* [Work instructions]:
I need every line that includes the word "UNIV" copied from the material.

* [Source records]:
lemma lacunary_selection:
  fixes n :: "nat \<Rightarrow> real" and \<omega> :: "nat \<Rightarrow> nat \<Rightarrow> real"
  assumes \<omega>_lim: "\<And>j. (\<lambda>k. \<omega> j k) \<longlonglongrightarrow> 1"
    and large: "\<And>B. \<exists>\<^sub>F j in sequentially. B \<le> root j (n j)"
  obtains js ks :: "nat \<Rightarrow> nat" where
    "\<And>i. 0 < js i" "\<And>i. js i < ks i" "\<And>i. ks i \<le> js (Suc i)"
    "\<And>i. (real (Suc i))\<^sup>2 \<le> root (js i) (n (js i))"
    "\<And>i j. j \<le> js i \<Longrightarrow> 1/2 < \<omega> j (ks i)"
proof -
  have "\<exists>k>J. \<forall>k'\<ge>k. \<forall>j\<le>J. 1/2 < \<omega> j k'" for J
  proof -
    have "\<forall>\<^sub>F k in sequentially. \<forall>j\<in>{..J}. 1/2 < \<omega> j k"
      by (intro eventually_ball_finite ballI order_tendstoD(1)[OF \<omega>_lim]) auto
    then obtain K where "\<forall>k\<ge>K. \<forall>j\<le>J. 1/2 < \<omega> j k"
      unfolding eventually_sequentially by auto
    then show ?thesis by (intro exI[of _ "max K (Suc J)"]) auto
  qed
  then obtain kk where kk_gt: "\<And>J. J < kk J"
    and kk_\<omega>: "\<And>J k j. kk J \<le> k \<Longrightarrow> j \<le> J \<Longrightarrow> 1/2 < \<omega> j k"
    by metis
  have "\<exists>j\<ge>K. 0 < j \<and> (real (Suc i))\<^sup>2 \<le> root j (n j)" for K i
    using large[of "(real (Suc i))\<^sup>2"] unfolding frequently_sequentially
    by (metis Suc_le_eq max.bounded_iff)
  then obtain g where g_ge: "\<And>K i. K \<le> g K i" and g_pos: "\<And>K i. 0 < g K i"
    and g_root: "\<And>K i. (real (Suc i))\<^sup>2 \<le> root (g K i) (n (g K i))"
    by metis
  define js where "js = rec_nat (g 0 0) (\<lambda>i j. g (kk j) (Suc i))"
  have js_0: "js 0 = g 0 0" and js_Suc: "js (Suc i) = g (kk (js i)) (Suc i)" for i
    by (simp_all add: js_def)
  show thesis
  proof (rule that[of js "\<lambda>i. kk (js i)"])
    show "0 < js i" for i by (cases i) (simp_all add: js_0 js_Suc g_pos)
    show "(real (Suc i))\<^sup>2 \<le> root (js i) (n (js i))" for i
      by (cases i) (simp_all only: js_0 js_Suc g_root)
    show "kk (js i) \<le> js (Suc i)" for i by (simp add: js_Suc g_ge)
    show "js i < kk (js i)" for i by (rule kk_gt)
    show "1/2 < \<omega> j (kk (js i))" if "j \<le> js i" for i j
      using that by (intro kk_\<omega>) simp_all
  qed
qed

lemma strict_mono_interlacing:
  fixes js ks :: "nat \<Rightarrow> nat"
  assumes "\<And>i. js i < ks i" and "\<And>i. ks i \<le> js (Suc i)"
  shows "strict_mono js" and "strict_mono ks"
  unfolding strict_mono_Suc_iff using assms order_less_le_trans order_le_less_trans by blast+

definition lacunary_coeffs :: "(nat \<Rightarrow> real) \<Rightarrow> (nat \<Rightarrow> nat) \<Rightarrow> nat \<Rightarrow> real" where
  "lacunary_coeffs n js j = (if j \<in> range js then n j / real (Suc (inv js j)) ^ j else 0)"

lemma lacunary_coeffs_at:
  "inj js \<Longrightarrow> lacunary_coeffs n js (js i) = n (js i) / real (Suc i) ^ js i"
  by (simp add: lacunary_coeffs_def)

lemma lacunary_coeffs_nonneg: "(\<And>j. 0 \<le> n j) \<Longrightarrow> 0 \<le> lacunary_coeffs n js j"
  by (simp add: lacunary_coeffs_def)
* * *
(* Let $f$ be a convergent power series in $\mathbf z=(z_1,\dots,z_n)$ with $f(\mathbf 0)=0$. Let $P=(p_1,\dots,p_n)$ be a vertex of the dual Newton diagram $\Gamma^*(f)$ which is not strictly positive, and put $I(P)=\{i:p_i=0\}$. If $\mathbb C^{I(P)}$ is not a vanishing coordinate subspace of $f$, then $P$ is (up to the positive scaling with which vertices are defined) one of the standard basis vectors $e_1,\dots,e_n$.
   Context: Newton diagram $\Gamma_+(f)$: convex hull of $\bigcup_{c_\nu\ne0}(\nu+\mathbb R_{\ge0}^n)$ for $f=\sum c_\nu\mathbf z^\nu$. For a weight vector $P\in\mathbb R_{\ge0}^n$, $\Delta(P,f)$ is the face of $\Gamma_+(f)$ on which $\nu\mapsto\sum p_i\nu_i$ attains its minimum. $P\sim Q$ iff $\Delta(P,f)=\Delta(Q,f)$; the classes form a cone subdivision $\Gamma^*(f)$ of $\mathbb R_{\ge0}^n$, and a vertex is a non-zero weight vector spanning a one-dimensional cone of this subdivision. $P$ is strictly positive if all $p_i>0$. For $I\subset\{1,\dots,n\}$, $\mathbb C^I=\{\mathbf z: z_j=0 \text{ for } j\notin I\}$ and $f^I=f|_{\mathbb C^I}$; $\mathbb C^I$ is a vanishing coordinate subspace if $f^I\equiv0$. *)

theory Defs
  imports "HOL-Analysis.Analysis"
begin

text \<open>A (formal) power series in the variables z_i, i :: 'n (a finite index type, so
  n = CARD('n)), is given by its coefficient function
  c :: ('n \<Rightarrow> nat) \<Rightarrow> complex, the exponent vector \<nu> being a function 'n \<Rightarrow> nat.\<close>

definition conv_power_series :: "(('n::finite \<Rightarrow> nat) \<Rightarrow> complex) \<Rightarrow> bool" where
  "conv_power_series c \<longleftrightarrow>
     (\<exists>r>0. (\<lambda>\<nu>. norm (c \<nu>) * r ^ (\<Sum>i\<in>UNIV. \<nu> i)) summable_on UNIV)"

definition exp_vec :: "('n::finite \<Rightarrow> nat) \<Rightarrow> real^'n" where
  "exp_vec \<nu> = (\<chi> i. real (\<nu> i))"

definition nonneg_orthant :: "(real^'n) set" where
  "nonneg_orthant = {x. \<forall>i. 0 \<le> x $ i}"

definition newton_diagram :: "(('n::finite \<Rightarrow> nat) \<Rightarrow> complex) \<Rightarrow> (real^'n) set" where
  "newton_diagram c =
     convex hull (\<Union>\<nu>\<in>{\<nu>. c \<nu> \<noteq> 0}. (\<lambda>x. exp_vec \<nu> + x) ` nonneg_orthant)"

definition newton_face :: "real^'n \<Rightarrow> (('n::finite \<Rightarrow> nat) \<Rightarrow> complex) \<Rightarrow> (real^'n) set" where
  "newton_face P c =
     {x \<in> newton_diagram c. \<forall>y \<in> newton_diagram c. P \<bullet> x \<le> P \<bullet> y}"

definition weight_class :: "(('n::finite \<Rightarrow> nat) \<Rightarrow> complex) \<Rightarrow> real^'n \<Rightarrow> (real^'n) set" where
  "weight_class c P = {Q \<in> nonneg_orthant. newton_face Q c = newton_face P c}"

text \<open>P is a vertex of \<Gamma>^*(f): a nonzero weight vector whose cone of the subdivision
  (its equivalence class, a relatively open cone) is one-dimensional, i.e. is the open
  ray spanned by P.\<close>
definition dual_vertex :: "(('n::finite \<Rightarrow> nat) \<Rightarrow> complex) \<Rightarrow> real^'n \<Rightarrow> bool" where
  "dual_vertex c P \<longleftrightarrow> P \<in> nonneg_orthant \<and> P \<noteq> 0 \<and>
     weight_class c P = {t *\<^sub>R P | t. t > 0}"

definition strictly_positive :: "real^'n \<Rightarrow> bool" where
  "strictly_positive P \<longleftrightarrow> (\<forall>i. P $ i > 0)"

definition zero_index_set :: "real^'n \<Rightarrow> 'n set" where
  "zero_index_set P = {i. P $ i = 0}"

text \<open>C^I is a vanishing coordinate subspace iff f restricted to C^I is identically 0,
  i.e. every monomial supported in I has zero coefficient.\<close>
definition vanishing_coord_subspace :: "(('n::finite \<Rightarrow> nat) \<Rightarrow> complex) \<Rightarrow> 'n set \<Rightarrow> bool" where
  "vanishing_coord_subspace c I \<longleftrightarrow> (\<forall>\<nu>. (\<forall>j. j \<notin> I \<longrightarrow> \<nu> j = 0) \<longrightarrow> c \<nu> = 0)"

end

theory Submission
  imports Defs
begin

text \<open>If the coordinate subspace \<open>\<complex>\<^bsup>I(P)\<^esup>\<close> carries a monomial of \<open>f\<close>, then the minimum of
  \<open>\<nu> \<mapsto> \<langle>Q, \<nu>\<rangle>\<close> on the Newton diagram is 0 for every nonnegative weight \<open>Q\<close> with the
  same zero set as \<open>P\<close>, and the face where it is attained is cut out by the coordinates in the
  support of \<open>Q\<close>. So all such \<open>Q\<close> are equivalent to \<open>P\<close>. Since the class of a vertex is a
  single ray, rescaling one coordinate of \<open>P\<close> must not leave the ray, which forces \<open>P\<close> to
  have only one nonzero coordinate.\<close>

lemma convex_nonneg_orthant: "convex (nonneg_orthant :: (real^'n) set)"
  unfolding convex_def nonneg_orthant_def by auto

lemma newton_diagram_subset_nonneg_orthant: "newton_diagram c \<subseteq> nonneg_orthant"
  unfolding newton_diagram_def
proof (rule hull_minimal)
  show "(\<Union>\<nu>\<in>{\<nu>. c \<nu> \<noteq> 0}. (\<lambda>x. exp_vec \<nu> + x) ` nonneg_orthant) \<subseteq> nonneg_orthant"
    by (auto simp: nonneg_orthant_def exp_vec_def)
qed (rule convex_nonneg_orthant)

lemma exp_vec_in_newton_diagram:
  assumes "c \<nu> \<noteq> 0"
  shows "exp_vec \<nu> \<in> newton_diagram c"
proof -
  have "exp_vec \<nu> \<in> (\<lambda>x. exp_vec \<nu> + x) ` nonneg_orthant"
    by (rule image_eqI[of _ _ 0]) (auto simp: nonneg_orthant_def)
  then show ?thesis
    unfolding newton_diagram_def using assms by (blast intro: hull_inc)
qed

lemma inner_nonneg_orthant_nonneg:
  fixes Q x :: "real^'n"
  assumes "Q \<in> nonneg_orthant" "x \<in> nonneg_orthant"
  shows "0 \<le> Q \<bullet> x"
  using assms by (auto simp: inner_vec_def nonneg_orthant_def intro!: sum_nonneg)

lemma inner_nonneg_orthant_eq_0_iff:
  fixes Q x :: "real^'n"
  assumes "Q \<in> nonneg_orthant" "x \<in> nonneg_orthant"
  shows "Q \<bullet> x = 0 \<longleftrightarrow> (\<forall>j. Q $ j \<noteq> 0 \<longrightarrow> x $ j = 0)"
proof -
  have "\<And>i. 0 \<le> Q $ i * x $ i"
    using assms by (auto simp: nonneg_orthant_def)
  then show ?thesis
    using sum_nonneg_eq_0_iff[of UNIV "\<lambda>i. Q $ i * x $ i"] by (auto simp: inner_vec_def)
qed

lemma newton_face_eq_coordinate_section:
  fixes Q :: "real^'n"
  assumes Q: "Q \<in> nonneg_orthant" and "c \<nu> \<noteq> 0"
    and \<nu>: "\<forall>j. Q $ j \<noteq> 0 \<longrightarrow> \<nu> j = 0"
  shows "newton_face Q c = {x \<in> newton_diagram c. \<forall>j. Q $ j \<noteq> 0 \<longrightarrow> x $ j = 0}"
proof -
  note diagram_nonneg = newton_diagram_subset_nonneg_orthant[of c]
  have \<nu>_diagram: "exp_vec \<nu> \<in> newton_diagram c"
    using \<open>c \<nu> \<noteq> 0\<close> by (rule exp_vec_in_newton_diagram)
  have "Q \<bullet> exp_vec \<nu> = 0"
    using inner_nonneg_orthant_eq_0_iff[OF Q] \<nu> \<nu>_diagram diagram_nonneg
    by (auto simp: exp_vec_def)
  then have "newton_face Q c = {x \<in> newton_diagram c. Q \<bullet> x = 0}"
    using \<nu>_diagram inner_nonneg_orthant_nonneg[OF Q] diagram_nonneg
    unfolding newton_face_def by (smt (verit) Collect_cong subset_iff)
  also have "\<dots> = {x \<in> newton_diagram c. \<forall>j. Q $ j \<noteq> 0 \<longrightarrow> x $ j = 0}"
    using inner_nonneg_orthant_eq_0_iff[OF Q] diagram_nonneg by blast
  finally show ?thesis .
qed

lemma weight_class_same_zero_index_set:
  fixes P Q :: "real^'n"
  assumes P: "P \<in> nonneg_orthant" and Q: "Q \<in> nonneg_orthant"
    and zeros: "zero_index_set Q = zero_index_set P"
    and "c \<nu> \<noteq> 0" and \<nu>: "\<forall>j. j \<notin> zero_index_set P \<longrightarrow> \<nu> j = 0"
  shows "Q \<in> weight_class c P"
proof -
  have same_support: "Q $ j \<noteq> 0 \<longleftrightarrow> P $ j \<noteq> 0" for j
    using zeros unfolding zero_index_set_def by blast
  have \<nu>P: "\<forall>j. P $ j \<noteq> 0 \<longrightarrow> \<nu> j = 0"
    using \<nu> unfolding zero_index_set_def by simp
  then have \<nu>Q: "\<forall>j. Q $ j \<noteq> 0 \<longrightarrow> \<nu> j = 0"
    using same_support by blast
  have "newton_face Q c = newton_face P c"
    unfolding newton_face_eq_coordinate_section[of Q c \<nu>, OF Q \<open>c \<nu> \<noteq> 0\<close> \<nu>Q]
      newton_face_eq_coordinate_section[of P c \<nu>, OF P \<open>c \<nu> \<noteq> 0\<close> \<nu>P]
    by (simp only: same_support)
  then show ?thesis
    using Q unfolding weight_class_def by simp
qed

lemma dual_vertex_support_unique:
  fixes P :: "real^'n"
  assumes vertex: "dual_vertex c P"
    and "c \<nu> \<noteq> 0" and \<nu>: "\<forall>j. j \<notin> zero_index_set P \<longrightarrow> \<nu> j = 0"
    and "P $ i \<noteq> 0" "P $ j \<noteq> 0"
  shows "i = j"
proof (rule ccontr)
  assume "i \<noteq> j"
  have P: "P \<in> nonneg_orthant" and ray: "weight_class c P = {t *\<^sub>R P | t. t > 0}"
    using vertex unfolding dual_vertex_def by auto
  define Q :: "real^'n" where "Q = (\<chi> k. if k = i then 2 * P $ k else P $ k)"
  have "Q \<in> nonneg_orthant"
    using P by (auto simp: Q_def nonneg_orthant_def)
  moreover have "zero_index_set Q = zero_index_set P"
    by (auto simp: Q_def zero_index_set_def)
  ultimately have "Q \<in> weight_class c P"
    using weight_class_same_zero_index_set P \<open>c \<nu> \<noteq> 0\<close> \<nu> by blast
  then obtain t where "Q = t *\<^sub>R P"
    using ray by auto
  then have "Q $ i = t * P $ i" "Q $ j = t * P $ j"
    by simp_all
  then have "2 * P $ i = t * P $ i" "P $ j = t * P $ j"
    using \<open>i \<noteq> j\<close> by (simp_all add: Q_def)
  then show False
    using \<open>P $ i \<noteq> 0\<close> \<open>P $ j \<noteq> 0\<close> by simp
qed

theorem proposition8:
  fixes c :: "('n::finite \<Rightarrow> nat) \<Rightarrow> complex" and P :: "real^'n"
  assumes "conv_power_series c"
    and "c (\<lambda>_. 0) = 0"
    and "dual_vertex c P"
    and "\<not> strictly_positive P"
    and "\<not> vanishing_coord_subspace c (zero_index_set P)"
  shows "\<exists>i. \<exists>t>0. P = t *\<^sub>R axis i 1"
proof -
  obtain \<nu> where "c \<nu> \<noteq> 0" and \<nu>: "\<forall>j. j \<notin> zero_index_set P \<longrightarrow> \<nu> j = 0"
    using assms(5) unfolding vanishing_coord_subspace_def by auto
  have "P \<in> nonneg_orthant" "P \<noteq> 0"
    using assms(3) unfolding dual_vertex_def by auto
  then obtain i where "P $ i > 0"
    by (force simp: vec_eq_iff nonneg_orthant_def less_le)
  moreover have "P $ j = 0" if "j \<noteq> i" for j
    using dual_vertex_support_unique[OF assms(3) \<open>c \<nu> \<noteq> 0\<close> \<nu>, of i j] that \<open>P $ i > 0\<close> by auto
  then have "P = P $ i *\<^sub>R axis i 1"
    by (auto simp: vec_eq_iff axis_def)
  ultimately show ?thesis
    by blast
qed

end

* [Problem solution]:
     (\<exists>r>0. (\<lambda>\<nu>. norm (c \<nu>) * r ^ (\<Sum>i\<in>UNIV. \<nu> i)) summable_on UNIV)"
    using sum_nonneg_eq_0_iff[of UNIV "\<lambda>i. Q $ i * x $ i"] by (auto simp: inner_vec_def)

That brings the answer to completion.